CHC fears unfounded
I have written bullish articles on Perrigo Company (NASDAQ:PRGO) in the past and Perrigo's Q4 earnings today did not let me down (Perrigo's fiscal year ends in June). Perrigo was the largest gainer in the S&P 500 (it went up by 7.3%). Perrigo had missed expectations in Q3 due to a weak flu season and a delayed flea/tick season. The market went crazy and had sold Perrigo all the way from $143 to $126 in the wake of Perrigo's Q3 earnings report.
The CHC (Consumer Healthcare) business segment that houses the flu and animal products had reported flat YoY revenue growth in Q3. But in Q4 Perrigo reported YoY revenue growth of 8% in CHC. Most doctors use store brand according to Perrigo - so Perrigo has science on its side. It was wrong for the market to doubt the strength of Perrigo's CHC segment.
The extra cold winter delayed the flea/tick season. I think the flu season was milder because more people stayed indoors this winter leading to less contagion. But some investors behaved as if the sky had fallen. Perrigo clearly said that last year's flu season was extra strong and this winter the flu was extra weak leading to unfavorable year over year comparisons. But investors paid no heed. The flu will be back in a few months and this time the year over year comparison will favor Perrigo.
Tysabri royalty revenue increases
In my previous articles on Perrigo, I had mentioned the step-up in Tysabri royalty starting May 1 from 12% to 18% of global sales. That works out to an average of 16% for Q4 ([12 + 18 + 18]/3). Perrigo reported Tysabri royalty revenue of $86 million ($534 million * 16%).
Biogen Idec (NASDAQ:BIIB) owns Tysabri. So Biogen Idec's financial statements have the Tysabri data. Looking at Biogen Idec's Q2 10-Q, we see that $54 million of the $534 million in global Tysabri sales was due to the recognition of deferred revenue related to Italy's reimbursement situation. If we back this out, we get $480 million. But next quarter onwards, Perrigo gets 18% of Tysabri sales as royalty revenue. So even if sales stay flat at $480 million, that works out to $86 million per quarter.
But Tysabri grew in the US at 14.7% in Q2 according to Biogen's 10-Q (4% volume growth, rest from price increases). So we can expect increasing revenue for Perrigo from Tysabri over the rest of the year. Perrigo gets 25% of Tysabri sales above $2 billion as royalty, so that is something that might kick in some time next year. Tysabri was approved in Japan in March 2014 - so that would increase Tysabri sales too.
Perrigo's strongest and fastest growing segment is its Rx pharmaceutical segment. Since Perrigo makes harder to manufacture medications in this segment, it has very high operating margins. In Q4, it reported adjusted operating margin of 48% for this segment with revenue growth of 30%.

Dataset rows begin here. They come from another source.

lemma lborel_distr_orthogonal_transformation_wellorder:
  fixes T :: "real^'n::{finite,wellorder} \<Rightarrow> real^'n::_"
  assumes T: "orthogonal_transformation T"
  shows "distr lborel borel T = lborel"
proof (rule lborel_eqI[symmetric])
  fix l u :: "real^'n::{finite,wellorder}"
  assume le: "\<And>b. b \<in> Basis \<Longrightarrow> l \<bullet> b \<le> u \<bullet> b"
  have Tm: "T \<in> borel_measurable borel"
    using T by (simp add: linear_borel_measurable orthogonal_transformation_linear)
  have preimage: "T -` box l u = inv T ` box l u"
    using orthogonal_transformation_bij[OF T] by (simp add: bij_vimage_eq_inv_image)
  have "measure lborel (T -` box l u) = measure lborel (box l u)"
    using measure_orthogonal_image[OF orthogonal_transformation_inv[OF T], of "box l u"]
      measurable_sets_borel[OF Tm, of "box l u"]
    by (simp add: preimage[symmetric])
  moreover have "bounded (T -` box l u)"
    unfolding preimage using orthogonal_transformation_inv[OF T]
    by (intro bounded_linear_image)
       (simp_all add: orthogonal_transformation_linear linear_conv_bounded_linear[symmetric])
  ultimately have "emeasure lborel (T -` box l u) = emeasure lborel (box l u)"
    using emeasure_bounded_finite[of "box l u"] emeasure_bounded_finite[of "T -` box l u"]
    by (simp add: emeasure_eq_ennreal_measure)
  then show "emeasure (distr lborel borel T) (box l u) = (\<Prod>b\<in>Basis. (u - l) \<bullet> b)"
    using le Tm by (simp add: emeasure_distr emeasure_lborel_box_eq)
qed simp

lemma lborel_distr_orthogonal_transformation:
  fixes R :: "real^'n::finite \<Rightarrow> real^'n"
  assumes R: "orthogonal_transformation R"
  shows "distr lborel borel R = lborel"
proof -
  define T where "T = to_ord_index \<circ> R \<circ> of_ord_index"
  have T: "orthogonal_transformation T"
    using R unfolding orthogonal_transformation_def T_def
    by (auto intro!: linear_compose linear_to_ord_index linear_of_ord_index)
       (metis inner_of_ord_index of_to_ord_index)
  have [measurable]: "R \<in> borel_measurable borel" "T \<in> borel_measurable borel"
    using R T by (simp_all add: linear_borel_measurable orthogonal_transformation_linear)
  have "distr lborel borel R = distr (distr lborel borel of_ord_index) borel R"
    by (simp add: lborel_distr_of_ord_index)
  also have "\<dots> = distr lborel borel (R \<circ> of_ord_index)"
    by (simp add: distr_distr)
  also have "R \<circ> of_ord_index = of_ord_index \<circ> T"
    by (simp add: T_def fun_eq_iff)
  also have "distr lborel borel (of_ord_index \<circ> T) = distr (distr lborel borel T) borel of_ord_index"
    by (simp add: distr_distr)
  finally show ?thesis
    by (simp add: lborel_distr_of_ord_index lborel_distr_orthogonal_transformation_wellorder[OF T])
qed

section \<open>The surface measure\<close>

lemma space_sphere_surface: "space (sphere_surface :: (real^'n::finite) measure) = sphere 0 1"
  by (simp add: sphere_surface_def space_restrict_space)

lemma normalize_measurable_punctured_ball:
  "(\<lambda>x. x /\<^sub>R norm x) \<in> restrict_space lborel (ball (0::real^'n::finite) 1 - {0})
     \<rightarrow>\<^sub>M restrict_space borel (sphere 0 1)"
  by (rule measurable_restrict_space2)
     (auto simp: space_restrict_space intro: measurable_restrict_space1)

lemma integral_sphere_surface:
  fixes g :: "real^'n::finite \<Rightarrow> real"
  assumes [measurable]: "g \<in> borel_measurable borel"
  shows "integral\<^sup>L sphere_surface g = (\<integral>x. indicator (ball 0 1 - {0}) x *
           (real CARD('n) * g (x /\<^sub>R norm x)) \<partial>lborel)"
proof -
  have "integral\<^sup>L sphere_surface g = (\<integral>x. g (x /\<^sub>R norm x) \<partial>density
      (restrict_space lborel (ball 0 1 - {0})) (\<lambda>_. ennreal (real CARD('n))))"
    unfolding sphere_surface_def
    by (rule integral_distr)
       (simp_all add: normalize_measurable_punctured_ball measurable_restrict_space1)
  also have "\<dots> = (\<integral>x. real CARD('n) *\<^sub>R g (x /\<^sub>R norm x)
      \<partial>restrict_space lborel (ball 0 1 - {0}))"
    by (rule integral_density) (auto intro: measurable_restrict_space1)
  also have "\<dots> = (\<integral>x. indicator (ball 0 1 - {0}) x *\<^sub>R (real CARD('n) *\<^sub>R g (x /\<^sub>R norm x))
      \<partial>lborel)"
    by (rule integral_restrict_space) simp
  finally show ?thesis by simp
qed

Perrigo neatly breaks down its revenue increases. Rx Pharmaceuticals revenue was $253 million (an increase of 30% YoY). The increased revenue came from $35 million in new products and $20 million from the Fera acquisition. That is $35 million came from businesses that were part of Perrigo for more than a year and Fera was the only acquisition in this segment in the last year. The $35 million implies 17.6% organic growth (35 / [253-55]).
Fera was acquired for $129 million minus $20 million of tax benefit which is $109 million. Fera had just $30 million in revenue in 2012. If we annualize Fera's Q4 revenue of $20 million by multiplying by 4, we get $80 million in annual revenue. This is an example of how Perrigo successfully integrates acquisitions into its powerful distribution network.
Perrigo looking for acquisitions
Perrigo has delevered after acquiring Elan Pharmaceuticals of Ireland last year. The Elan acquisition gave Perrigo a tax inversion and Perrigo became an Irish company (Perrigo forecasts a tax rate of 16% for FY 2015). Perrigo's leverage ratio has decreased significantly. In the Q4 earnings conference call, Perrigo's CEO said:
What I would simply say to that is there is a lot of things on the table from other companies who have placed themselves up for sale. We continue to be very active. We think there are some great opportunities to build on the platform that we already have. As I said it's either adjacent categories, geographic expansion, or the technology competencies that we're seeking to add to the business. So we're going to continue to be very active there.
Any acquisition would be upside over the EPS forecast. It is only a matter of time before Perrigo acquires someone. Perrigo had been waiting to delever after the Elan acquisition because they are very careful about their credit rating.
By my rough calculation, net debt divided by forward EBITDA has fallen to around 1.7. Remember, this is a non-cyclical company and can therefore sustain much higher leverage. Perrigo has lot of firepower for all-cash acquisitions.
Disclosure: The author is long PRGO. The author wrote this article themselves, and it expresses their own opinions. The author is not receiving compensation for it (other than from Seeking Alpha). The author has no business relationship with any company whose stock is mentioned in this article.